Every NASA mission must search for alien life

Every NASA mission must search for alien life

According to the new report, NASA will significantly improve the chances of finding life in distant worlds, if it is engaged in searches in all space missions

The new report indicates that the search for signs of alien life should be part of every future NASA mission. On October 10, 17 scientists prepared a report promulgated by NASEM. It stressed the importance of including astrobiology (the study of the origin of life on Earth and the possibility of development in other worlds) in each phase of all NASA missions.

Why now? In recent years, astrophysicists have been able to find thousands of exoplanets, and biologists are revealing new views on the complexity and diversity of earthly life. These discoveries contribute to the fact that life can exist in other worlds, so all missions in space exploration should include technologies for detecting traces of alien organisms.

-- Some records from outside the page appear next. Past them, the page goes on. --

lemma qnorm_loc_order_in_Ints_loc:
  assumes "is_order a b Ov" "prime q" "x \<in> loc_order Ov q"
  shows "qnorm a b x \<in> Ints_loc q"
proof -
  obtain n where n: "\<not> int q dvd n" "qscal (of_int n) x \<in> Ov"
    using assms(3) unfolding loc_order_def by blast
  then have "of_int (n ^ 2) * qnorm a b x \<in> \<int>"
    using order_qnorm_in_Ints[OF assms(1) n(2)] by (simp add: qnorm_qscal)
  moreover have "\<not> int q dvd n ^ 2"
    using n(1) prime_dvd_power[of "int q" n 2] assms(2) by auto
  ultimately show ?thesis unfolding Ints_loc_def by blast
qed

lemma one_in_int_ideal:
  fixes I :: "int set"
  assumes closed: "\<And>m n k. m \<in> I \<Longrightarrow> n \<in> I \<Longrightarrow> m - k * n \<in> I"
    and unit_at: "\<And>q. prime q \<Longrightarrow> \<exists>n\<in>I. \<not> int q dvd n"
  shows "1 \<in> I"
proof -
  obtain n0 where "n0 \<in> I" "n0 \<noteq> 0"
    using unit_at[of 2] by force
  then have "int (nat \<bar>n0\<bar>) \<in> I"
    using closed[of n0 n0 2] by (cases "n0 < 0") simp_all
  then have ex: "\<exists>m. 0 < m \<and> int m \<in> I" using \<open>n0 \<noteq> 0\<close> by (intro exI[of _ "nat \<bar>n0\<bar>"]) simp
  define m where "m = (LEAST m. 0 < m \<and> int m \<in> I)"
  have m: "0 < m" "int m \<in> I" using LeastI_ex[OF ex] unfolding m_def by blast+
  have m_dvd: "int m dvd n" if "n \<in> I" for n
  proof (rule ccontr)
    assume "\<not> int m dvd n"
    then have pos: "0 < n mod int m" using m(1) by (simp add: order_le_neq_trans dvd_eq_mod_eq_0)
    moreover have "n mod int m \<in> I"
      using closed[OF that m(2), of "n div int m"] by (simp add: minus_div_mult_eq_mod)
    ultimately have "m \<le> nat (n mod int m)"
      unfolding m_def by (intro Least_le) simp
    then show False using pos pos_mod_bound[of "int m" n] m(1) by linarith
  qed
  have "m = 1"
  proof (rule ccontr)
    assume "m \<noteq> 1"
    then obtain q where "prime q" "q dvd m" using prime_factor_nat by blast
    then show False using unit_at m_dvd by (meson dvd_trans int_dvd_int_iff)
  qed
  then show ?thesis using m(2) by simp
qed
(* Consider the batched co-player shaping POMDP described in the context, with ego agent $i$ using the factorized policy with shared parameters $\phi^i$, and let $$\bar J(\phi^i)=\mathbb{E}_{\bar P^{\phi^i}}\Big[\tfrac1B\sum_{b=1}^B\sum_{l=1}^{MT}R^{i,b}_l\Big],$$ where $\bar P^{\phi^i}$ is the distribution over batched long trajectories induced by the environment dynamics $\bar P_t$, the initial state distribution $\bar P_i$ and the policy with parameters $\phi^i$. Then $$\nabla_{\phi^i}\bar J(\phi^i)=\mathbb{E}_{\bar P^{\phi^i}}\Bigg[\sum_{b=1}^B\sum_{l=1}^{MT}\nabla_{\phi^i}\log\pi^i(a^{i,b}_l\mid h^{i,b}_l;\phi^i)\Big(\frac1B\sum_{l'=l}^{m_lT}R^{i,b}_{l'}+\frac1B\sum_{b'=1}^B\sum_{l'=m_lT+1}^{MT}R^{i,b'}_{l'}\Big)\Bigg],$$ where $m_l=\lceil l/T\rceil$ is the index of the inner episode containing long time step $l$.
   Context: A partially observable stochastic game (POSG) is played between an ego agent $i$ and co-players $-i$, each with parameterized policies; rewards are bounded and all state, action, observation and reward spaces are finite. The batched co-player shaping POMDP (from the viewpoint of agent $i$) is defined as follows. There are $M$ consecutive inner episodes, each of $T$ time steps of the POSG, so the long time index runs over $l=1,\dots,MT$; inner episode $m\in\{1,\dots,M\}$ covers steps $(m-1)T+1,\dots,mT$. In every inner episode, $B$ copies (indexed by $b=1,\dots,B$) of the POSG are played in parallel, with the co-players using their current parameters $\phi^{-i}_m$. The hidden state consists of the $B$ environment states together with the co-players' current parameters. At each inner-episode boundary all $B$ environments are reset, and the co-players (naive learners) update their parameters by a fixed (possibly stochastic) learning rule whose input is the batch of the $B$ histories of the inner episode just completed; the initial state distribution $\bar P_i$ initializes the co-player parameters and the first batch of environments. Consequently, within an inner episode, the $B$ parallel trajectories evolve conditionally independently given the co-player parameters, and an action in trajectory $b$ can affect trajectory $b'\neq b$ only through the co-player parameter updates at subsequent inner-episode boundaries. The ego agent's long history $h^{i,b}_l$ in copy $b$ consists of all its observations (which may include past actions) from step $1$ up to step $l$, spanning across inner episodes. The ego agent's joint policy over the batched action $\bar a^i_l=\{a^{i,b}_l\}_{b=1}^B$ factorizes as $\bar\pi^i(\bar a^i_l\mid\bar h^i_l;\phi^i)=\prod_{b=1}^B\pi^i(a^{i,b}_l\mid h^{i,b}_l;\phi^i)$ with shared parameters $\phi^i$, and $\pi^i$ is differentiable in $\phi^i$. $R^{i,b}_l$ denotes agent $i$'s reward at long step $l$ in copy $b$. *)

theory Defs
  imports "HOL-Analysis.Analysis" "HOL-Probability.Probability_Mass_Function"
begin
lemma median_shortest_path_weight_le_half:
  assumes "simple_graph V E" "graph_connected V E" "is_median V E w q" "E q u"
    and nonneg: "\<forall>v\<in>V. 0 \<le> w v"
  shows "2 * (\<Sum>v\<in>{v\<in>V. on_shortest_path E q v u}. w v) \<le> (\<Sum>v\<in>V. w v)"
proof -
  define C where "C v \<longleftrightarrow> on_shortest_path E q v u" for v
  have fin: "finite V" and sym: "symp E" and irr: "irreflp E" and qV: "q \<in> V" and uV: "u \<in> V"
    using assms(1,4) unfolding simple_graph_def symp_def irreflp_def by blast+
  have shift: "real (gdist E v u) * w v
      \<le> real (gdist E v q) * w v + w v - 2 * (if C v then w v else 0)" if v: "v \<in> V" for v
  proof (cases "C v")
    case True
    then have "gdist E v u < gdist E v q"
      unfolding C_def by (rule gdist_on_shortest_path_less[OF sym irr _ assms(4)])
    then have "real (gdist E v u) \<le> real (gdist E v q) - 1" by linarith
    then have "real (gdist E v u) * w v \<le> (real (gdist E v q) - 1) * w v"
      using nonneg v by (intro mult_right_mono) auto
    with True show ?thesis by (simp add: algebra_simps)
  next
    case False
    obtain xs where "walk_between E v q xs"
      using assms(2) v qV unfolding graph_connected_def by blast
    then have "gdist E v u \<le> Suc (gdist E v q)" using assms(4) by (rule gdist_neighbor_le)
    then have "real (gdist E v u) \<le> real (gdist E v q) + 1" by linarith
    then have "real (gdist E v u) * w v \<le> (real (gdist E v q) + 1) * w v"
      using nonneg v by (intro mult_right_mono) auto
    with False show ?thesis by (simp add: algebra_simps)
  qed
  have "median_cost V E w u
      \<le> (\<Sum>v\<in>V. real (gdist E v q) * w v + w v - 2 * (if C v then w v else 0))"
    unfolding median_cost_def by (intro sum_mono shift)
  also have "\<dots> = median_cost V E w q + (\<Sum>v\<in>V. w v) - 2 * (\<Sum>v\<in>{v\<in>V. C v}. w v)"
    by (simp add: median_cost_def sum.distrib sum_subtractf sum_distrib_left sum.inter_filter[OF fin])
  finally show ?thesis
    using assms(3) uV unfolding C_def is_median_def by fastforce
qed

section \<open>Heavy vertices and the potential\<close>

lemma heavy_iff_remainder_le:
  assumes fin: "finite V" and pos: "\<forall>v\<in>V. 0 < w v"
  shows "heavy V w z \<longleftrightarrow> z \<in> V \<and> (\<Sum>v\<in>V - {z}. w v) \<le> w z"
proof (cases "z \<in> V")
  case True
  have split: "(\<Sum>v\<in>V. w v) = w z + (\<Sum>v\<in>V - {z}. w v)"
    using fin True by (simp add: sum.remove)
  have "0 \<le> (\<Sum>v\<in>V - {z}. w v)" using pos by (intro sum_nonneg) (simp add: less_imp_le)
  moreover have "0 < w z" using pos True by simp
  ultimately have "0 < (\<Sum>v\<in>V. w v)" using split by linarith
  with True split show ?thesis by (simp add: heavy_def field_simps)
qed (simp add: heavy_def)

lemma heavy_vertices_same_product:
  assumes fin: "finite V" and pos: "\<forall>v\<in>V. 0 < w v" and "heavy V w y" "heavy V w z"
  shows "w y * (\<Sum>v\<in>V - {y}. w v) = w z * (\<Sum>v\<in>V - {z}. w v)"
proof (cases "y = z")
  case False
  have y: "y \<in> V" "(\<Sum>v\<in>V - {y}. w v) \<le> w y" and z: "z \<in> V" "(\<Sum>v\<in>V - {z}. w v) \<le> w z"
    using assms heavy_iff_remainder_le[OF fin pos] by blast+
  have "w z \<le> (\<Sum>v\<in>V - {y}. w v)" "w y \<le> (\<Sum>v\<in>V - {z}. w v)"
    using False y(1) z(1) fin pos by (auto intro!: member_le_sum simp: less_imp_le)
  moreover have "w y + (\<Sum>v\<in>V - {y}. w v) = w z + (\<Sum>v\<in>V - {z}. w v)"
    using fin y(1) z(1) by (simp add: sum.remove[symmetric])
  ultimately have "w y = (\<Sum>v\<in>V - {z}. w v)" "w z = (\<Sum>v\<in>V - {y}. w v)"
    using y(2) z(2) by linarith+
  then show ?thesis by (simp add: mult.commute)
qed simp

(* Which heavy vertex SOME picks is irrelevant: by heavy_vertices_same_product all give the
   same product. *)
definition search_potential :: "'a set \<Rightarrow> ('a \<Rightarrow> real) \<Rightarrow> real" where
  "search_potential V w =
     (if \<exists>z. heavy V w z
      then (let z = SOME z. heavy V w z in 4 * w z * (\<Sum>v\<in>V - {z}. w v))
      else (\<Sum>v\<in>V. w v)\<^sup>2)"

lemma search_potential_heavy:
  assumes "finite V" "\<forall>v\<in>V. 0 < w v" "heavy V w z"
  shows "search_potential V w = 4 * w z * (\<Sum>v\<in>V - {z}. w v)"
proof -
  have "heavy V w (SOME z. heavy V w z)" using assms(3) by (rule someI)
  moreover have "\<exists>z. heavy V w z" using assms(3) by blast
  ultimately show ?thesis using heavy_vertices_same_product[OF assms(1,2) _ assms(3)]
    by (simp add: search_potential_def Let_def mult.assoc)
qed

lemma search_potential_le_square_total:
  assumes "finite V" "\<forall>v\<in>V. 0 < w v"
  shows "search_potential V w \<le> (\<Sum>v\<in>V. w v)\<^sup>2"
proof (cases "\<exists>z. heavy V w z")
  case True
  then obtain z where z: "heavy V w z" by blast
  then have "(\<Sum>v\<in>V. w v) = w z + (\<Sum>v\<in>V - {z}. w v)"
    using assms(1) by (simp add: heavy_def sum.remove)
  moreover have "4 * w z * r \<le> (w z + r)\<^sup>2" for r
    using sum_squares_ge_zero[of "w z - r" 0] by (simp add: power2_eq_square algebra_simps)
  ultimately show ?thesis using search_potential_heavy[OF assms z] by simp
qed (simp add: search_potential_def)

The current view of the universe is full of planets. NASA's Kepler mission managed to find 2300 confirmed worlds. Statistics show that 6 out of 10 stars may have planets like Earth. A huge number of well-known exoplanets offers exciting opportunities to search for biosignals - chemical markers that indicate signs of life. Astrobiology is a series of scientific disciplines, such as physics, chemistry, biology, astronomy, and planetary science. Individually and together, these areas of knowledge help to solve the riddle of how life can arise and develop in worlds other than Earth. In the report, scientists recommended that NASA accelerate the development of technologies for detecting microscopic organisms, citing the lack of a single flight-ready tool.

It was also suggested that direct imaging systems that suppress starlight should be used outside the solar system to improve the detection of biosignals from planets around other stars. You can also plan more missions to search for life under the surface of the icy, rocky and oceanic worlds.